Configuration files consist of one or more blocks, called stanza (i believe this comes from AIX), in which values are assigned to variables.

Lines In The Configuration File

At the moment lines may be up to 1024 characters long. Long lines may be splitted, but the 1024 character limit stays (splitted lines count as one line).

To mark a line as splitted escape the last character with a backslash (\).

# This is a  \
  comment line 
var=a long \
value

is equal to:

# This is a     comment line
var=a long value

Whitespace is preserved except at the begin and the and of the line after glueing together the splittet lines. The backslash and the lineend simply vanish.

Stanzas in configuration files

Each stanza consist of a label line and zero to many variable assignments (this basically means: a stanza may be totally empty).

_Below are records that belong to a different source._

lemma gen_inv_ratio_tendsto:
  assumes gen: "archimedean_generator \<psi>" and rv: "regularly_varying \<psi> (- \<alpha>)" and "0 < \<alpha>"
    and a: "((\<lambda>t. a t / t) \<longlongrightarrow> L) (at_right 0)" and "0 < L"
  shows "((\<lambda>t. gen_inv \<psi> (a t) / gen_inv \<psi> t) \<longlongrightarrow> L powr (-1 / \<alpha>)) (at_right 0)"
proof -
  define \<phi> where "\<phi> = gen_inv \<psi>"
  define l where "l = L powr (-1 / \<alpha>)"
  have pos: "\<forall>x>0. 0 < \<psi> x"
    using rv unfolding regularly_varying_def by auto
  have \<phi>_pos: "\<forall>\<^sub>F t in at_right 0. 0 < \<phi> t"
    using filterlim_gen_inv_at_right_0[OF gen pos] unfolding \<phi>_def
    by (simp add: filterlim_at_top_dense)
  have a_unit: "\<forall>\<^sub>F t in at_right 0. 0 < a t \<and> a t \<le> 1"
    using eventually_in_unit_interval[OF a \<open>0 < L\<close>] by (auto elim: eventually_mono)
  note scaled = generator_scaled_gen_inv_tendsto[OF gen rv]
  have "0 < l" and l_powr: "l powr (- \<alpha>) = L"
    unfolding l_def using \<open>0 < L\<close> \<open>0 < \<alpha>\<close> by (simp_all add: powr_powr)
  have powr_anti: "y powr (- \<alpha>) < x powr (- \<alpha>)" if "0 < x" "x < y" for x y
    using that \<open>0 < \<alpha>\<close> by (intro powr_less_mono2_neg) auto
  show ?thesis
    unfolding \<phi>_def[symmetric] l_def[symmetric]
  proof (rule order_tendstoI)
    fix c assume "l < c"
    define d where "d = (l + c) / 2"
    have d: "l < d" "d < c" using \<open>l < c\<close> unfolding d_def by auto
    have "\<forall>\<^sub>F t in at_right 0. \<phi> (a t) < d * \<phi> t"
      unfolding \<phi>_def using gen pos a_unit scaled a
      by (rule eventually_gen_inv_less_scaled) (use d \<open>0 < l\<close> powr_anti[of l d] l_powr in auto)
    with \<phi>_pos show "\<forall>\<^sub>F t in at_right 0. \<phi> (a t) / \<phi> t < c"
    proof eventually_elim
      case (elim t)
      then have "\<phi> (a t) < c * \<phi> t" using mult_strict_right_mono[OF d(2) elim(1)] by linarith
      then show ?case using elim by (simp add: divide_less_eq)
    qed
  next
    fix c assume "c < l"
    define d where "d = (max c 0 + l) / 2"
    have d: "0 < d" "c < d" "d < l" using \<open>c < l\<close> \<open>0 < l\<close> unfolding d_def by auto
    have "\<forall>\<^sub>F t in at_right 0. d * \<phi> t < \<phi> (a t)"
      unfolding \<phi>_def using gen pos a_unit scaled a
      by (rule eventually_scaled_less_gen_inv) (use d powr_anti[of d l] l_powr in auto)
    with \<phi>_pos show "\<forall>\<^sub>F t in at_right 0. c < \<phi> (a t) / \<phi> t"
    proof eventually_elim
      case (elim t)
      then have "c * \<phi> t < \<phi> (a t)" using mult_strict_right_mono[OF d(2) elim(1)] by linarith
      then show ?case using elim by (simp add: less_divide_eq)
    qed
  qed
qed

lemma tail_limit_archimedean_combination:
  assumes gen: "archimedean_generator \<psi>" and rv: "regularly_varying \<psi> (- \<alpha>)" and "0 < \<alpha>"
    and "finite W" "W \<noteq> {}"
    and a: "\<And>w. w \<in> W \<Longrightarrow> ((\<lambda>t. a w t / t) \<longlongrightarrow> L w) (at_right 0)"
    and L: "\<And>w. w \<in> W \<Longrightarrow> 0 < L w"
  shows "((\<lambda>t. \<psi> (\<Sum>w\<in>W. gen_inv \<psi> (a w t)) / t)
           \<longlongrightarrow> (\<Sum>w\<in>W. L w powr (-1 / \<alpha>)) powr (- \<alpha>)) (at_right 0)"
proof (rule Lim_transform_eventually)
  have pos: "\<forall>x>0. 0 < \<psi> x"
    using rv unfolding regularly_varying_def by auto
  have "((\<lambda>t. \<Sum>w\<in>W. gen_inv \<psi> (a w t) / gen_inv \<psi> t) \<longlongrightarrow> (\<Sum>w\<in>W. L w powr (-1 / \<alpha>))) (at_right 0)"
    using gen_inv_ratio_tendsto[OF gen rv \<open>0 < \<alpha>\<close> a L] by (rule tendsto_sum)
  then have sum_ratio: "((\<lambda>t. (\<Sum>w\<in>W. gen_inv \<psi> (a w t)) / gen_inv \<psi> t)
                         \<longlongrightarrow> (\<Sum>w\<in>W. L w powr (-1 / \<alpha>))) (at_right 0)"
    by (simp add: sum_divide_distrib)
  have "0 < (\<Sum>w\<in>W. L w powr (-1 / \<alpha>))"
    using L \<open>finite W\<close> \<open>W \<noteq> {}\<close> by (intro sum_pos) (auto dest: L)
  moreover have "antimono_on {0..} \<psi>"
    using gen unfolding archimedean_generator_def by blast
  ultimately show "((\<lambda>t. \<psi> (\<Sum>w\<in>W. gen_inv \<psi> (a w t)) / \<psi> (gen_inv \<psi> t))
                    \<longlongrightarrow> (\<Sum>w\<in>W. L w powr (-1 / \<alpha>)) powr (- \<alpha>)) (at_right 0)"
    using regularly_varying_ratio_tendsto[OF rv _ filterlim_gen_inv_at_right_0[OF gen pos] sum_ratio]
    by blast
  show "\<forall>\<^sub>F t in at_right 0. \<psi> (\<Sum>w\<in>W. gen_inv \<psi> (a w t)) / \<psi> (gen_inv \<psi> t)
                             = \<psi> (\<Sum>w\<in>W. gen_inv \<psi> (a w t)) / t"
    using eventually_at_right_real[OF zero_less_one]
    by eventually_elim (simp add: generator_gen_inv[OF gen pos])
qed

section \<open>Recursion over a rooted tree\<close>

definition tree_depth :: "'a \<Rightarrow> ('a \<Rightarrow> 'a) \<Rightarrow> 'a \<Rightarrow> nat" where
  "tree_depth r pa v = (LEAST k. (pa ^^ k) v = r)"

The label line ends with a colon and has no equals sign (=) in it. Before the colon are one or more words (separated with white space). Each one is a name for this stanza. Alternatively you may include the label in brackets ([ and ]), but then you must use only one stanza name on that line (this is not a serious problem).

Names may be found in different label lines (i.e. in different stanzas). Each stanza with this name will be read if the stanza is read, making it possible to share assignments between many stanzas (but there are better ways, see section Including Stanzas And Files).

A stanza ends with the next stanza, or the end of the file.

An example:

stanza1:
    variable1="hallo"
[stanza2]
    variable2="hallo Du"
stanza1 stanza3:
    variable3="Hallo Du da"

If the stanza stanza1 is read then variable1 and variable3 are set to the new values. If stanza3 is read then only variable3 it set.

It is possible to read all stanzas matching a certain wildcard. To do this one gives a wildcard pattern instead of a stanza name to cl_getstanza. This is called a wildcard read. For more details see section Reading and writing.

In the following example all stanzas will be read if *ab* is used as a pattern:

aber:
ab:
hinab:

Comments in Configuration Files

Two kinds of comments are recognized. This first is a one-line-comment, on a line beginning with a # (whitespace before this will be ignored). A comment line is ignored. The following are legal comments:

# comment
#        comment
        #comment

but the following are not recognized as comments:

var=value # assign a new value
label: # a new stanza begins

The second line is completely ignored, the first one assigns value # assign a new value to var.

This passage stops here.